The low riders with the hoop were the kind I had for 15 years (actually now I think about it, it was 17 years!), no problems, no rattles, sturdy, etc. 
My partner has had the 'custom' low rider for five years and they are good also, although the 'p-clip' type attachment to the lower fork eyelets doesn't inspire confidence as the rack can slide around that point slightly, but it doesn't seem to be an issue in practice. 
The rails on Blackburn racks probably do need redesigned for modern panniers, they haven't changed in the past 20 years whereas pannier hooks have changed quite a bit.


----------



## andrew_s (13 Jul 2009)

Blackburn may well have outsourced the production, but the design hasn't changed at all since they first came out. That was when all panniers had thin steel hooks and bungee anti-jump fittings. They have problems with modern plastic hooks and anti-jump catches as mentioned above. With the custom, thick hooks can't be spread apart properly, and on the model with the front wheel loop, the back plate stops the anti-jump catches reaching under the rail. Their good reputation is mostly historical - they were the first low riders, and the first rear racks with lateral triangulation.
The P-clips do slip. This is most likely on steep off-road. I ended up putting puncture repair patches around the rod, and clamping the P-clip over them.

With the Tubus front racks, I'd go for the Tara or Duo over the Ergo/Nova. With the Ergo, you may well find that you've got to either spring the rack (3 hands required) or remove the QR to get the wheel out. This is certainly the case with my old model Duo.


----------



## rich p (14 Jul 2009)

andrew_s said:


> .
> 
> With the Tubus front racks, I'd go for the Tara or Duo over the Ergo/Nova.
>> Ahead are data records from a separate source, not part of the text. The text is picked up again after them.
(* Let $A$ be a block tridiagonal matrix satisfying the standing hypotheses (H), write $A^{-1}=[Z_{ij}]$ with $Z_{ij}\in\mathbb{C}^{m\times m}$, and let $\tau_{i,t},\omega_{i,t}$ be as in the context. Then for each $t=1,\dots,n-1$: $$\|Z_{ij}\|\le\|Z_{jj}\|\prod_{k=i}^{j-1}\tau_{k,t}\quad\text{for all } i<j,\qquad \|Z_{ij}\|\le\|Z_{jj}\|\prod_{k=j+1}^{i}\omega_{k,t}\quad\text{for all } i>j,$$ and for $i=1,\dots,n$, $$\frac{\|I\|}{\|A_i\|+\tau_{i-1,t}\|C_{i-1}\|+\omega_{i+1,t}\|B_i\|}\le\|Z_{ii}\|,$$ and, whenever $\|A_i^{-1}\|^{-1}-\tau_{i-1,t}\|C_{i-1}\|-\omega_{i+1,t}\|B_i\|>0$, $$\|Z_{ii}\|\le\frac{\|I\|}{\|A_i^{-1}\|^{-1}-\tau_{i-1,t}\|C_{i-1}\|-\omega_{i+1,t}\|B_i\|},$$ where $C_0=B_n=0$ and $\tau_{0,t}=\omega_{n+1,t}=0$.
   Context: $\|\cdot\|$ is a submultiplicative matrix norm on $\mathbb{C}^{m\times m}$, $n\ge 2$, and $A$ is block tridiagonal with diagonal blocks $A_1,\dots,A_n$, superdiagonal blocks $B_1,\dots,B_{n-1}$ (block $(i,i+1)$) and subdiagonal blocks $C_1,\dots,C_{n-1}$ (block $(i+1,i)$), all in $\mathbb{C}^{m\times m}$; set $C_0=B_n=0$. Standing hypotheses (H): $A$ is nonsingular; $B_i$ and $C_i$ are nonsingular for $i=1,\dots,n-1$; every $A_i$ is nonsingular and $\|A_i^{-1}C_{i-1}\|+\|A_i^{-1}B_i\|\le 1$ for $i=1,\dots,n$ (row block diagonal dominance); and $\|A_1^{-1}B_1\|<1$, $\|A_n^{-1}C_{n-1}\|<1$. For $i=1,\dots,n$: $\tau_i=\dfrac{\|A_i^{-1}B_i\|}{1-\|A_i^{-1}C_{i-1}\|}$, $\omega_i=\dfrac{\|A_i^{-1}C_{i-1}\|}{1-\|A_i^{-1}B_i\|}$. For $i=1,\dots,n$ and $t=1,\dots,n-1$ define recursively in $t$: $\tau_{i,t}=\tau_i$ if $t=1$; $\tau_{i,t}=\tau_{i,t-1}$ if $t>i$; otherwise $\tau_{i,t}=\dfrac{\|A_i^{-1}B_i\|}{1-\|A_i^{-1}C_{i-1}\|\,\tau_{i-1,t-1}}$. $\omega_{i,t}=\omega_i$ if $t=1$; $\omega_{i,t}=\omega_{i,t-1}$ if $n-t+1<i$; otherwise $\omega_{i,t}=\dfrac{\|A_i^{-1}C_{i-1}\|}{1-\|A_i^{-1}B_i\|\,\omega_{i+1,t-1}}$. *)

theory Defs
  imports "HOL-Analysis.Analysis"
begin

type_synonym 'm cmat = "complex ^ 'm ^ 'm"

definition submult_matrix_norm :: "('m::finite cmat \<Rightarrow> real) \<Rightarrow> bool" where
  "submult_matrix_norm N \<longleftrightarrow>
     (\<forall>X. 0 \<le> N X) \<and> (\<forall>X. N X = 0 \<longleftrightarrow> X = 0) \<and>
     (\<forall>c X. N (\<chi> i j. c * X $ i $ j) = cmod c * N X) \<and>
     (\<forall>X Y. N (X + Y) \<le> N X + N Y) \<and>
     (\<forall>X Y. N (X ** Y) \<le> N X * N Y)"

definition tridiag_block ::
  "(nat \<Rightarrow> 'm::finite cmat) \<Rightarrow> (nat \<Rightarrow> 'm cmat) \<Rightarrow> (nat \<Rightarrow> 'm cmat) \<Rightarrow> nat \<Rightarrow> nat \<Rightarrow> 'm cmat" where
  "tridiag_block Ad B C i j =
     (if i = j then Ad i else if j = i + 1 then B i else if i = j + 1 then C j else 0)"

definition is_block_inverse ::
  "nat \<Rightarrow> (nat \<Rightarrow> nat \<Rightarrow> 'm::finite cmat) \<Rightarrow> (nat \<Rightarrow> nat \<Rightarrow> 'm cmat) \<Rightarrow> bool" where
  "is_block_inverse n M Z \<longleftrightarrow>
     (\<forall>i\<in>{1..n}. \<forall>j\<in>{1..n}.
        (\<Sum>k=1..n. M i k ** Z k j) = (if i = j then mat 1 else 0) \<and>
        (\<Sum>k=1..n. Z i k ** M k j) = (if i = j then mat 1 else 0))"

fun tau_it ::
  "('m::finite cmat \<Rightarrow> real) \<Rightarrow> (nat \<Rightarrow> 'm cmat) \<Rightarrow> (nat \<Rightarrow> 'm cmat) \<Rightarrow> (nat \<Rightarrow> 'm cmat)
   \<Rightarrow> nat \<Rightarrow> nat \<Rightarrow> real" where
  "tau_it N Ad B C i 0 = 0"
| "tau_it N Ad B C i (Suc t) =
     (if t = 0 then
        N (matrix_inv (Ad i) ** B i) / (1 - N (matrix_inv (Ad i) ** C (i - 1)))
      else if Suc t > i then tau_it N Ad B C i t
      else N (matrix_inv (Ad i) ** B i) /
             (1 - N (matrix_inv (Ad i) ** C (i - 1)) * tau_it N Ad B C (i - 1) t))"

fun omega_it ::
  "nat \<Rightarrow> ('m::finite cmat \<Rightarrow> real) \<Rightarrow> (nat \<Rightarrow> 'm cmat) \<Rightarrow> (nat \<Rightarrow> 'm cmat) \<Rightarrow> (nat \<Rightarrow> 'm cmat)
   \<Rightarrow> nat \<Rightarrow> nat \<Rightarrow> real" where
  "omega_it n N Ad B C i 0 = 0"
| "omega_it n N Ad B C i (Suc t) =
     (if t = 0 then
        N (matrix_inv (Ad i) ** C (i - 1)) / (1 - N (matrix_inv (Ad i) ** B i))
      else if n - Suc t + 1 < i then omega_it n N Ad B C i t
      else N (matrix_inv (Ad i) ** C (i - 1)) /
             (1 - N (matrix_inv (Ad i) ** B i) * omega_it n N Ad B C (i + 1) t))"

end

theory Submission
  imports Defs
begin

text \<open>Row \<open>i\<close> of \<open>A Z = I\<close> reads
  \<open>C\<^sub>i\<^sub>-\<^sub>1 Z\<^sub>i\<^sub>-\<^sub>1\<^sub>,\<^sub>j + A\<^sub>i Z\<^sub>i\<^sub>j + B\<^sub>i Z\<^sub>i\<^sub>+\<^sub>1\<^sub>,\<^sub>j = \<delta>\<^sub>i\<^sub>j I\<close>, so off the diagonal
  \<open>\<parallel>Z\<^sub>i\<^sub>j\<parallel> \<le> \<alpha>\<^sub>i \<parallel>Z\<^sub>i\<^sub>-\<^sub>1\<^sub>,\<^sub>j\<parallel> + \<beta>\<^sub>i \<parallel>Z\<^sub>i\<^sub>+\<^sub>1\<^sub>,\<^sub>j\<parallel>\<close> with
  \<open>\<alpha>\<^sub>i = \<parallel>A\<^sub>i\<^sup>-\<^sup>1C\<^sub>i\<^sub>-\<^sub>1\<parallel>\<close>, \<open>\<beta>\<^sub>i = \<parallel>A\<^sub>i\<^sup>-\<^sup>1B\<^sub>i\<parallel>\<close>. Above the diagonal, once a ratio
  \<open>\<parallel>Z\<^sub>i\<^sub>-\<^sub>1\<^sub>,\<^sub>j\<parallel> \<le> s \<parallel>Z\<^sub>i\<^sub>j\<parallel>\<close> is known, absorbing that term yields
  \<open>\<parallel>Z\<^sub>i\<^sub>j\<parallel> \<le> \<beta>\<^sub>i/(1 - \<alpha>\<^sub>i s) \<parallel>Z\<^sub>i\<^sub>+\<^sub>1\<^sub>,\<^sub>j\<parallel>\<close>, and diagonal dominance keeps
  these ratios in \<open>[0,1]\<close>. The recursion defining \<open>\<tau>\<^sub>i\<^sub>,\<^sub>t\<close> is exactly this
  propagation, started from the crude ratio \<open>s = 1\<close>; below the diagonal the same works
  downwards and produces \<open>\<omega>\<^sub>i\<^sub>,\<^sub>t\<close>. Telescoping the ratios gives the product bounds,
  and inserting them for the two neighbours of \<open>Z\<^sub>i\<^sub>i\<close> into the diagonal row equation
  gives both bounds on \<open>\<parallel>Z\<^sub>i\<^sub>i\<parallel>\<close>.\<close>

lemma matrix_inv_left:
  fixes A :: "'a::semiring_1^'n^'n"
  assumes "invertible A"
  shows "matrix_inv A ** A = mat 1"
  using someI_ex[OF assms[unfolded invertible_def]] unfolding matrix_inv_def by blast

lemma invertible_matrix_inv:
  fixes A :: "'a::semiring_1^'n^'n"
  assumes "invertible A"
  shows "invertible (matrix_inv A)"
  using someI_ex[OF assms[unfolded invertible_def]] unfolding matrix_inv_def invertible_def by blast

lemma invertible_nonzero:
  fixes A :: "'a::semiring_1^'n^'n"
  assumes "invertible A"
  shows "A \<noteq> 0"
proof
  assume "A = 0"
  with assms have "(mat 1 :: 'a^'n^'n) = 0"
    unfolding invertible_def by auto
  then have "(mat 1 :: 'a^'n^'n) $ undefined $ undefined = 0"
    by simp
  then show False
    by (simp add: mat_def)
qed

lemma matrix_mul_diff: "(A::'a::ring_1^'n^'m) ** (X - Y) = A ** X - A ** Y"
  by (simp add: matrix_matrix_mult_def vec_eq_iff sum_subtractf algebra_simps)

lemma matrix_mul_uminus: "(A::'a::ring_1^'n^'m) ** (- X) = - (A ** X)"
  by (simp add: matrix_matrix_mult_def vec_eq_iff sum_negf)

lemma absorb_neighbour_bound:
  fixes a b s x y z :: real
  assumes "a * s < 1" "z \<le> a * y + b * x" "a * y \<le> a * s * z"
  shows "z \<le> b / (1 - a * s) * x"
proof -
  have "(1 - a * s) * z \<le> b * x"
    using assms(2,3) by (simp add: algebra_simps)
  with assms(1) show ?thesis
    by (simp add: pos_le_divide_eq mult.commute)
qed

lemma dominance_ratio_unit:
  fixes a b s :: real
  assumes "0 \<le> a" "0 \<le> b" "a + b \<le> 1" "a < 1" "0 \<le> s" "s \<le> 1"
  shows "0 \<le> b / (1 - a * s)" "b / (1 - a * s) \<le> 1"
proof -
  have "a * s \<le> a"
    using assms by (simp add: mult_left_le)
  with assms show "0 \<le> b / (1 - a * s)" "b / (1 - a * s) \<le> 1"
    by simp_all
qed

lemma le_div_of_le_affine:
  fixes q c s z :: real
  assumes "0 < q" "z \<le> q * (c + s * z)" "0 < 1 / q - s"
  shows "z \<le> c / (1 / q - s)"
proof -
  have "(1 / q - s) * z \<le> c"
    using assms(1,2) by (simp add: pos_divide_le_eq algebra_simps mult.commute)
  with assms(3) show ?thesis
    by (simp add: pos_le_divide_eq mult.commute)
qed

lemma ratio_chain_forward:
  fixes x s :: "nat \<Rightarrow> real"
  assumes "i \<le> j"
    and "\<And>k. i \<le> k \<Longrightarrow> k < j \<Longrightarrow> x k \<le> s k * x (Suc k)"
    and "\<And>k. i \<le> k \<Longrightarrow> k < j \<Longrightarrow> 0 \<le> s k"
  shows "x i \<le> x j * (\<Prod>k=i..<j. s k)"
  using assms(1)
proof (induction j rule: dec_induct)
  case (step m)
  have "0 \<le> (\<Prod>k=i..<m. s k)"
    using step.hyps assms(3) by (intro prod_nonneg) auto
  then have "x m * (\<Prod>k=i..<m. s k) \<le> s m * x (Suc m) * (\<Prod>k=i..<m. s k)"
    using step.hyps assms(2) by (intro mult_right_mono) auto
  with step.IH step.hyps show ?case
    by (simp add: prod.atLeastLessThan_Suc ac_simps)
qed simp

lemma ratio_chain_backward:
  fixes x s :: "nat \<Rightarrow> real"
  assumes "i \<le> j"
    and "\<And>k. i < k \<Longrightarrow> k \<le> j \<Longrightarrow> x k \<le> s k * x (k - 1)"
    and "\<And>k. i < k \<Longrightarrow> k \<le> j \<Longrightarrow> 0 \<le> s k"
  shows "x j \<le> x i * (\<Prod>k=Suc i..j. s k)"
  using assms(1)
proof (induction j rule: dec_induct)
  case (step m)
  have "x (Suc m) \<le> s (Suc m) * x m"
    using step.hyps assms(2)[of "Suc m"] by simp
  also have "\<dots> \<le> s (Suc m) * (x i * (\<Prod>k=Suc i..m. s k))"
    using step.hyps step.IH assms(3) by (intro mult_left_mono) auto
  finally show ?case
    using step.hyps by (simp add: prod.nat_ivl_Suc' ac_simps)
qed simp

locale submult_norm =
  fixes N :: "'m::finite cmat \<Rightarrow> real"
  assumes submult: "submult_matrix_norm N"
begin

lemma nonneg: "0 \<le> N X"
  using submult unfolding submult_matrix_norm_def by blast

lemma zero [simp]: "N 0 = 0"
  using submult unfolding submult_matrix_norm_def by blast

lemma pos: "X \<noteq> 0 \<Longrightarrow> 0 < N X"
  using submult unfolding submult_matrix_norm_def by (metis order_le_less)

lemma triangle: "N (X + Y) \<le> N X + N Y"
  using submult unfolding submult_matrix_norm_def by blast

lemma mult: "N (X ** Y) \<le> N X * N Y"
  using submult unfolding submult_matrix_norm_def by blast

lemma uminus: "N (- X) = N X"
proof -
  have "N (\<chi> i j. (-1) * X $ i $ j) = cmod (-1) * N X"
    using submult unfolding submult_matrix_norm_def by blast
  moreover have "(\<chi> i j. (-1) * X $ i $ j) = - X"
    by (simp add: vec_eq_iff)
  ultimately show ?thesis
    by simp
qed

lemma diff: "N (X - Y) \<le> N X + N Y"
  using triangle[of X "- Y"] by (simp add: uminus)

end

(* superseded by tau_it_Suc and omega_it_Suc, which are phrased in terms of \<alpha> and \<beta> *)
declare tau_it.simps(2) [simp del] omega_it.simps(2) [simp del]

locale block_tridiagonal = submult_norm N for N :: "'m::finite cmat \<Rightarrow> real" +
  fixes n :: nat
    and Ad B C :: "nat \<Rightarrow> 'm cmat"
    and Z :: "nat \<Rightarrow> nat \<Rightarrow> 'm cmat"
  assumes C0: "C 0 = 0" and Bn: "B n = 0"
    and Zinv: "is_block_inverse n (tridiag_block Ad B C) Z"
    and BC_inv: "\<And>i. 1 \<le> i \<Longrightarrow> i \<le> n - 1 \<Longrightarrow> invertible (B i) \<and> invertible (C i)"
    and A_inv: "\<And>i. 1 \<le> i \<Longrightarrow> i \<le> n \<Longrightarrow> invertible (Ad i)"
    and dd: "\<And>i. 1 \<le> i \<Longrightarrow> i \<le> n \<Longrightarrow>
               N (matrix_inv (Ad i) ** C (i - 1)) + N (matrix_inv (Ad i) ** B i) \<le> 1"
    and first: "N (matrix_inv (Ad 1) ** B 1) < 1"
    and last: "N (matrix_inv (Ad n) ** C (n - 1)) < 1"
begin

definition \<alpha> :: "nat \<Rightarrow> real" where "\<alpha> i = N (matrix_inv (Ad i) ** C (i - 1))"

definition \<beta> :: "nat \<Rightarrow> real" where "\<beta> i = N (matrix_inv (Ad i) ** B i)"

lemma \<alpha>_nonneg: "0 \<le> \<alpha> i"
  unfolding \<alpha>_def by (rule nonneg)

lemma \<beta>_nonneg: "0 \<le> \<beta> i"
  unfolding \<beta>_def by (rule nonneg)

lemma \<alpha>_first: "\<alpha> 1 = 0"
  unfolding \<alpha>_def by (simp add: C0)

lemma \<beta>_last: "\<beta> n = 0"
  unfolding \<beta>_def by (simp add: Bn)

lemma \<alpha>_\<beta>_le_one: "1 \<le> i \<Longrightarrow> i \<le> n \<Longrightarrow> \<alpha> i + \<beta> i \<le> 1"
  unfolding \<alpha>_def \<beta>_def by (rule dd)

text \<open>At the ends these are hypotheses; elsewhere the other coupling is invertible,
  hence of positive norm, and dominance gives the strict bound.\<close>

lemma \<alpha>_less_one:
  assumes "1 \<le> i" "i \<le> n"
  shows "\<alpha> i < 1"
proof (cases "i = n")
  case True
  then show ?thesis
    using last unfolding \<alpha>_def by simp
next
  case False
  with assms have "invertible (matrix_inv (Ad i) ** B i)"
    using BC_inv[of i] A_inv[of i] by (simp add: invertible_mult invertible_matrix_inv)
  then have "0 < \<beta> i"
    unfolding \<beta>_def by (intro pos invertible_nonzero)
  with \<alpha>_\<beta>_le_one[OF assms] show ?thesis
    by simp
qed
With the Ergo, you may well find that you've got to either spring the rack (3 hands required)* or remove the QR to get the wheel out*. This is certainly the case with my old model Duo.




I thought that was the case at first but there were a few different options to position it and it's not a problem after all. Whether that would be the case for a different bike I can't say. I had 2 drop-out options and 3 lower and 2 upper fixing points on the rack. I think the drop-out position is the critical one.
The Ergo is reassuringly solid for a rack so light.


----------



## Yellow7 (16 Jul 2009)

Surly. *nice rack*. Maybe not cheap but "what cha' get is what cha' pay'"

Their front rack also has a top area for more storage, i found this usefull to releive the rear wheel taking all the load, ok, maybe the steering is affected slightly but as not riding 'technical terrain' it's no problem & reduces the chance of broken rear spokes.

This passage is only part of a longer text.